On the machine from which the File Transfer service will be used:
1. In the Folders pane of My Bluetooth Places, select Entire Bluetooth Neighborhood.
2. In the right pane of Entire Bluetooth Neighborhood, right-click anywhere except on a device
name and select Refresh from the pop-up menu.
3. In the Folders pane of My Bluetooth Places, right-click the device you want to transfer files
with and select Discover Available Services from the pop-up menu to update the available
services list. The available services will be displayed in the right pane of My Bluetooth
Places.
4. Still in the Folders pane of My Bluetooth Places, click the plus ( + ) sign in front of Public
Folder to expand that folder. If there are additional folders inside the expanded folder then
those additional folders may have to be expanded. Folder contents are displayed in the right
pane of My Bluetooth Places.
In the right pane of My Bluetooth Places, right-click a folder item and select an option from the pop-up
menu.

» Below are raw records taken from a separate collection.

lemma diffs_funpow:
  fixes c :: "nat \<Rightarrow> 'a::field_char_0"
  shows "(diffs ^^ k) c n = fact (n + k) / fact n * c (n + k)"
proof (induction k arbitrary: n)
  case (Suc k)
  have "(diffs ^^ Suc k) c n = of_nat (Suc n) * (fact (Suc n + k) / fact (Suc n) * c (Suc n + k))"
    by (simp add: diffs_def Suc.IH)
  also have "\<dots> = fact (n + Suc k) / fact n * c (n + Suc k)"
    by (simp add: field_simps del: of_nat_Suc)
  finally show ?case .
qed simp

lemma powr_power_eq: "t > 0 \<Longrightarrow> (t powr \<beta>) ^ n = t powr (\<beta> * real n)"
  for t \<beta> :: real
  by (simp add: powr_powr flip: powr_realpow)

lemma diffs_div_Gamma:
  fixes a :: "nat \<Rightarrow> real"
  assumes "\<beta> > 0"
  shows "diffs (\<lambda>m. a m / Gamma (\<beta> * real m + 1)) n * \<beta> = a (Suc n) / Gamma (\<beta> * real (Suc n))"
proof -
  define x where "x = \<beta> * real (Suc n)"
  have "x > 0"
    unfolding x_def using assms by (intro mult_pos_pos) auto
  then have "Gamma (x + 1) = x * Gamma x" "Gamma x > 0"
    by (intro Gamma_plus1, auto)
  have "diffs (\<lambda>m. a m / Gamma (\<beta> * real m + 1)) n * \<beta> = x * a (Suc n) / Gamma (x + 1)"
    unfolding diffs_def x_def[symmetric] by (simp add: x_def)
  also have "\<dots> = a (Suc n) / Gamma x"
    using \<open>x > 0\<close> \<open>Gamma (x + 1) = x * Gamma x\<close> by simp
  finally show ?thesis
    by (simp add: x_def)
qed
(* For a liner $X$ the following are equivalent: (1) $X$ is modular; (2) $X$ is strongly regular; (3) $X$ contains no two disjoint coplanar lines.
   Context: A liner is a set $X$ of points with a family of subsets called lines such that any two distinct points lie in a unique line and every line contains at least two points. For distinct $x,y$, $\overline{xy}$ is the line through them. A set is flat if it contains $\overline{xy}$ for all its distinct points $x,y$; $\overline A$ is the smallest flat containing $A$. The rank $\|A\|$ is the smallest cardinality of $B\subseteq X$ with $A\subseteq\overline B$. A plane is a flat of rank $3$; two lines are coplanar if both are contained in some plane. $X$ is modular if $\|A\cap B\|+\|A\cup B\|=\|A\|+\|B\|$ for all flats $A,B\subseteq X$. $X$ is strongly regular if for every nonempty flat $A\subseteq X$ and point $b\in X\setminus A$ we have $\overline{A\cup\{b\}}=\bigcup_{a\in A}\overline{ab}$. *)

theory Defs
  imports Main
begin

definition liner :: "'a set \<Rightarrow> 'a set set \<Rightarrow> bool" where
  "liner X L \<longleftrightarrow>
     (\<forall>l\<in>L. l \<subseteq> X \<and> (\<exists>x y. x \<in> l \<and> y \<in> l \<and> x \<noteq> y)) \<and>
     (\<forall>x\<in>X. \<forall>y\<in>X. x \<noteq> y \<longrightarrow> (\<exists>!l. l \<in> L \<and> x \<in> l \<and> y \<in> l))"

definition line_through :: "'a set set \<Rightarrow> 'a \<Rightarrow> 'a \<Rightarrow> 'a set" where
  "line_through L x y = (THE l. l \<in> L \<and> x \<in> l \<and> y \<in> l)"

definition flat :: "'a set \<Rightarrow> 'a set set \<Rightarrow> 'a set \<Rightarrow> bool" where
  "flat X L A \<longleftrightarrow> A \<subseteq> X \<and>
     (\<forall>x\<in>A. \<forall>y\<in>A. x \<noteq> y \<longrightarrow> line_through L x y \<subseteq> A)"

definition flat_hull :: "'a set \<Rightarrow> 'a set set \<Rightarrow> 'a set \<Rightarrow> 'a set" where
  "flat_hull X L A = \<Inter>{F. flat X L F \<and> A \<subseteq> F}"

text \<open>B is a set of minimal cardinality among subsets of X whose flat hull contains A;
  thus the rank of A is the cardinal of B.\<close>
definition rank_base :: "'a set \<Rightarrow> 'a set set \<Rightarrow> 'a set \<Rightarrow> 'a set \<Rightarrow> bool" where
  "rank_base X L A B \<longleftrightarrow> B \<subseteq> X \<and> A \<subseteq> flat_hull X L B \<and>
     (\<forall>C. C \<subseteq> X \<and> A \<subseteq> flat_hull X L C \<longrightarrow> (card_of B, card_of C) \<in> ordLeq)"

definition plane :: "'a set \<Rightarrow> 'a set set \<Rightarrow> 'a set \<Rightarrow> bool" where
  "plane X L P \<longleftrightarrow> flat X L P \<and> (\<exists>B. rank_base X L P B \<and> finite B \<and> card B = 3)"

definition coplanar :: "'a set \<Rightarrow> 'a set set \<Rightarrow> 'a set \<Rightarrow> 'a set \<Rightarrow> bool" where
  "coplanar X L l1 l2 \<longleftrightarrow> (\<exists>P. plane X L P \<and> l1 \<subseteq> P \<and> l2 \<subseteq> P)"

text \<open>Modularity: rank(A \<inter> B) + rank(A \<union> B) = rank A + rank B as cardinals,
  for all flats A, B (ranks represented by minimal spanning sets).\<close>
definition modular_liner :: "'a set \<Rightarrow> 'a set set \<Rightarrow> bool" where
  "modular_liner X L \<longleftrightarrow>
     (\<forall>A B BA BB BI BU. flat X L A \<and> flat X L B \<and>
        rank_base X L A BA \<and> rank_base X L B BB \<and>
        rank_base X L (A \<inter> B) BI \<and> rank_base X L (A \<union> B) BU \<longrightarrow>
        (BNF_Cardinal_Arithmetic.csum (card_of BI) (card_of BU),
         BNF_Cardinal_Arithmetic.csum (card_of BA) (card_of BB)) \<in> ordIso)"

definition strongly_regular :: "'a set \<Rightarrow> 'a set set \<Rightarrow> bool" where
  "strongly_regular X L \<longleftrightarrow>
     (\<forall>A b. flat X L A \<and> A \<noteq> {} \<and> b \<in> X - A \<longrightarrow>
        flat_hull X L (A \<union> {b}) = (\<Union>a\<in>A. line_through L a b))"

definition no_disjoint_coplanar_lines :: "'a set \<Rightarrow> 'a set set \<Rightarrow> bool" where
  "no_disjoint_coplanar_lines X L \<longleftrightarrow>
     \<not> (\<exists>l1\<in>L. \<exists>l2\<in>L. coplanar X L l1 l2 \<and> l1 \<inter> l2 = {})"

end

theory Submission
  imports Defs HOL.Hull
begin

text \<open>
  If two disjoint lines lie in a plane, their union has rank at most 3, whereas modularity
  would give it rank 2 + 2 - 0 = 4.
  If no two coplanar lines are disjoint, let A be a flat and b a point outside it. Any two
  points of the cone formed by the lines ab (a \<in> A) lie in the plane spanned by b and two
  points a1, a2 of A, and for every point z of the line through them the line zb meets the
  line a1a2 \<subseteq> A; so the cone is a flat, which is strong regularity.
  Strong regularity yields the exchange property of the flat hull, hence Steinitz exchange for
  finite independent sets, and the modular law hull(A \<union> S) \<inter> B \<subseteq> hull((A \<inter> B) \<union> S) for
  S \<subseteq> B. By the modular law, a basis of A \<inter> B extends to bases of A and of B whose union is
  independent, which is the rank identity when the ranks are finite; infinite ranks are
  absorbed by cardinal addition.
\<close>

unbundle cardinal_syntax

lemma finite_card_of_ordLeq_iff_card_le:
  assumes "finite A" "finite B"
  shows "|A| \<le>o |B| \<longleftrightarrow> card A \<le> card B"
  using card_of_ordLeq[of A B] inj_on_iff_card_le[OF assms] by blast

lemma card_of_ordLeq_if_card_le:
  assumes "finite A" and "finite B \<Longrightarrow> card A \<le> card B"
  shows "|A| \<le>o |B|"
proof (cases "finite B")
  case True
  then show ?thesis using assms finite_card_of_ordLeq_iff_card_le by blast
next
  case False
  then show ?thesis
    using assms(1) card_of_ordLeq_finite ordLeq_total card_of_Well_order by metis
qed

lemma finite_csum_ordIso_iff:
  assumes "finite A" "finite B" "finite C" "finite D"
  shows "|A| +c |B| =o |C| +c |D| \<longleftrightarrow> card A + card B = card C + card D"
proof -
  have "|A| +c |B| =o |C| +c |D| \<longleftrightarrow> |A <+> B| =o |C <+> D|"
    unfolding csum_def Field_card_of ..
  also have "\<dots> \<longleftrightarrow> card (A <+> B) = card (C <+> D)"
    using assms by (auto simp: ordIso_iff_ordLeq finite_card_of_ordLeq_iff_card_le)
  finally show ?thesis
    using assms by (simp add: card_Plus)
qed

lemma csum_ordIso_csum_if_infinite:
  assumes "|C| \<le>o |A|" "|A| \<le>o |U|" "|B| \<le>o |U|" "|U| \<le>o |A \<union> B|" "infinite U"
  shows "|C| +c |U| =o |A| +c |B|"
proof -
  have inf: "cinfinite |U|"
    using assms(5) by (simp add: cinfinite_def Field_card_of)
  have "|C| +c |U| =o |U|"
    using csum_absorb2'[OF card_of_Card_order ordLeq_transitive[OF assms(1,2)]] inf by blast
  moreover have "|A| +c |B| =o |U|"
  proof -
    have "|U| +c |U| =o |U|"
      using csum_absorb2'[OF card_of_Card_order ordLeq_reflexive[OF card_of_Well_order]] inf
      by blast
    then have "|A| +c |B| \<le>o |U|"
      using csum_mono[OF assms(2,3)] ordLeq_ordIso_trans by blast
    moreover have "|U| \<le>o |A| +c |B|"
      using ordLeq_transitive[OF assms(4) Un_csum] .
    ultimately show ?thesis
      using ordIso_iff_ordLeq by blast
  qed
  ultimately show ?thesis
    using ordIso_transitive ordIso_symmetric by blast
qed

section \<open>Lines, flats and rank bases\<close>

lemma flat_hull_eq_hull [simp]: "flat_hull X L A = flat X L hull A"
  unfolding flat_hull_def hull_def ..

lemma rank_baseD:
  assumes "rank_base X L S B"
  shows "B \<subseteq> X" "S \<subseteq> flat X L hull B"
    and "\<And>C. C \<subseteq> X \<Longrightarrow> S \<subseteq> flat X L hull C \<Longrightarrow> |B| \<le>o |C|"
  using assms unfolding rank_base_def by auto

locale liner_structure =
  fixes X :: "'a set" and L :: "'a set set"
  assumes liner: "liner X L"
begin

abbreviation line :: "'a \<Rightarrow> 'a \<Rightarrow> 'a set" where
  "line \<equiv> line_through L"

lemma line_subset: "l \<in> L \<Longrightarrow> l \<subseteq> X"
  using liner unfolding liner_def by blast

lemma line_has_two_points: "l \<in> L \<Longrightarrow> \<exists>x y. x \<in> l \<and> y \<in> l \<and> x \<noteq> y"
  using liner unfolding liner_def by blast

lemma ex1_line:
  assumes "x \<in> X" "y \<in> X" "x \<noteq> y"
  shows "\<exists>!l. l \<in> L \<and> x \<in> l \<and> y \<in> l"
proof -
  have "\<forall>x\<in>X. \<forall>y\<in>X. x \<noteq> y \<longrightarrow> (\<exists>!l. l \<in> L \<and> x \<in> l \<and> y \<in> l)"
    using liner unfolding liner_def by (rule conjunct2)
  then show ?thesis
    using assms by simp
qed

lemma line_through_spec:
  assumes "x \<in> X" "y \<in> X" "x \<noteq> y"
  shows "line x y \<in> L" "x \<in> line x y" "y \<in> line x y"
  using theI'[OF ex1_line[OF assms]] unfolding line_through_def by auto

lemma line_through_unique:
  assumes "l \<in> L" "x \<in> l" "y \<in> l" "x \<noteq> y"
  shows "line x y = l"
proof -
  have "x \<in> X" "y \<in> X"
    using assms line_subset by auto
  then show ?thesis
    unfolding line_through_def using the1_equality[OF ex1_line] assms by blast
qed

lemma line_through_subset: "x \<in> X \<Longrightarrow> y \<in> X \<Longrightarrow> x \<noteq> y \<Longrightarrow> line x y \<subseteq> X"
  using line_through_spec line_subset by blast
(* There exist boomerang subgroups $\Delta < F_d$ of the free group $F_d$ of rank $d$ such that the only invariant random subgroup of $F_d$ supported on the closure (in $\mathrm{Sub}(F_d)$) of the conjugacy class $\{g\Delta g^{-1} \mid g \in F_d\}$ is the Dirac measure at the trivial subgroup.
   Context: For a countable group $G$, $\mathrm{Sub}(G)$ is the set of subgroups of $G$ with the topology induced from the product topology via $\mathrm{Sub}(G) \subset \{0,1\}^G$ (the Chabauty space); it is compact and $G$ acts on it continuously by conjugation. A subgroup $\Delta \leq G$ is a boomerang subgroup if for every $g \in G$ there is a sequence $n_k \to \infty$ with $\lim_{k\to\infty} g^{n_k}\Delta g^{-n_k} = \Delta$. An invariant random subgroup of $G$ is a conjugation-invariant Borel probability measure on $\mathrm{Sub}(G)$. *)

theory Defs
  imports "HOL-Analysis.Analysis" "HOL-Probability.Probability" "HOL-Algebra.Algebra"
begin

text \<open>A letter (i, True) is the generator x_i, (i, False) its inverse.\<close>
type_synonym letter = "nat \<times> bool"

definition inverse_letters :: "letter \<Rightarrow> letter \<Rightarrow> bool" where
  "inverse_letters x y \<longleftrightarrow> fst x = fst y \<and> snd x \<noteq> snd y"

definition reduced :: "letter list \<Rightarrow> bool" where
  "reduced w \<longleftrightarrow> (\<forall>i. Suc i < length w \<longrightarrow> \<not> inverse_letters (w ! i) (w ! Suc i))"

definition reduce :: "letter list \<Rightarrow> letter list" where
  "reduce w = foldr (\<lambda>x acc. case acc of [] \<Rightarrow> [x]
                         | y # ys \<Rightarrow> (if inverse_letters x y then ys else x # acc)) w []"

definition free_group :: "nat \<Rightarrow> letter list monoid" where
  "free_group d = \<lparr> carrier = {w. reduced w \<and> (\<forall>x \<in> set w. fst x < d)},
                     mult = (\<lambda>w v. reduce (w @ v)),
                     one = [] \<rparr>"

definition Sub :: "('a, 'm) monoid_scheme \<Rightarrow> 'a set set" where
  "Sub G = {H. subgroup H G}"

text \<open>Subspace topology on Sub(G) induced from the product topology on {0,1}^G:
  generated by the subbasic cylinder sets {H. g \<in> H} and {H. g \<notin> H}, g \<in> G.\<close>
definition chabauty :: "('a, 'm) monoid_scheme \<Rightarrow> 'a set topology" where
  "chabauty G = subtopology
     (topology_generated_by ({{H. g \<in> H} | g. g \<in> carrier G} \<union> {{H. g \<notin> H} | g. g \<in> carrier G}))
     (Sub G)"

definition chabauty_borel :: "('a, 'm) monoid_scheme \<Rightarrow> 'a set measure" where
  "chabauty_borel G = sigma (Sub G) {U. openin (chabauty G) U}"

definition conj_sub :: "('a, 'm) monoid_scheme \<Rightarrow> 'a \<Rightarrow> 'a set \<Rightarrow> 'a set" where
  "conj_sub G g H = {g \<otimes>\<^bsub>G\<^esub> h \<otimes>\<^bsub>G\<^esub> inv\<^bsub>G\<^esub> g | h. h \<in> H}"

definition boomerang :: "('a, 'm) monoid_scheme \<Rightarrow> 'a set \<Rightarrow> bool" where
  "boomerang G \<Delta> \<longleftrightarrow> subgroup \<Delta> G \<and>
     (\<forall>g \<in> carrier G. \<exists>n :: nat \<Rightarrow> nat. filterlim n at_top sequentially \<and>
        limitin (chabauty G) (\<lambda>k. conj_sub G (g [^]\<^bsub>G\<^esub> n k) \<Delta>) \<Delta> sequentially)"

definition IRS :: "('a, 'm) monoid_scheme \<Rightarrow> 'a set measure \<Rightarrow> bool" where
  "IRS G M \<longleftrightarrow> prob_space M \<and> sets M = sets (chabauty_borel G) \<and>
     (\<forall>g \<in> carrier G. distr M M (conj_sub G g) = M)"

definition conj_class :: "('a, 'm) monoid_scheme \<Rightarrow> 'a set \<Rightarrow> 'a set set" where
  "conj_class G \<Delta> = {conj_sub G g \<Delta> | g. g \<in> carrier G}"

end

(*
  Let level w be the exponent sum of the generator x0 in w.  For a set T of integers,
  Delta T d p is the stabiliser of a vertex at level p in the Schreier graph built from
  copies of the x0-line, in which each other generator is a loop at the levels in T and
  joins distinct copies at all remaining levels.  Conjugating by g moves the base point
  to level p - level g.

  Let S be the set of signed sums of the lacunary sequence L i = (i + 8)!.  Near 0, S
  agrees with its translates by +-L K.  Hence, unless level g = 0 (and then g normalises
  Delta S d 0), powers of g can move the base point by +-L K with K -> oo, and these
  conjugates converge back to Delta S d 0, which is therefore a boomerang subgroup.

  In the other direction, a word w ~= 1 lies in Delta S d q only if its path visits S
  within distance length w of q.  The gaps of S keep the conjugates of w by x0^(3 L n),
  for n large, from lying two at a time in a conjugate of Delta S d 0, and so in any
  subgroup of the closure of the conjugacy class.  For an invariant random subgroup
  carried by that closure, these events are disjoint and all as likely as w in H.
  So w in H has probability 0 for every w ~= 1, and the measure is the Dirac mass at
  the trivial subgroup.
*)
theory Submission
  imports Defs
begin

A dialog box (the title varies, depending on the operation being carried out) appears and the
status line (bottom of the dialog box) indicates the operational to be carried out:
• Open files (using the associated application) or folders (expanded to show their contents)
•
Print files by sending the selected server file to the client’s default printer.
•
Send files to 3.5” Floppy Drive (client’s diskette drive) or My Shared Folder (client’s default
File Transfer folder).
•
Cut files transfers to the Windows clipboard. When the clipboard contents are pasted to a
new location, the originally selected file(s) on the server are deleted.
•
Copy files transfers to the Windows clipboard.
•
Delete files removes selected file(s) and/or folder(s) on the server.
•
Rename files changes an empty folder’s name.
•
Properties displays the file or folder’s properties dialog box.
Depending upon the context of the menu, these additional options may appear:
• Update: updates the contents of a folder.
•
New Folder: creates a new folder on the server.
•
Abort FTP Operation: stops an in-process File Transfer operation.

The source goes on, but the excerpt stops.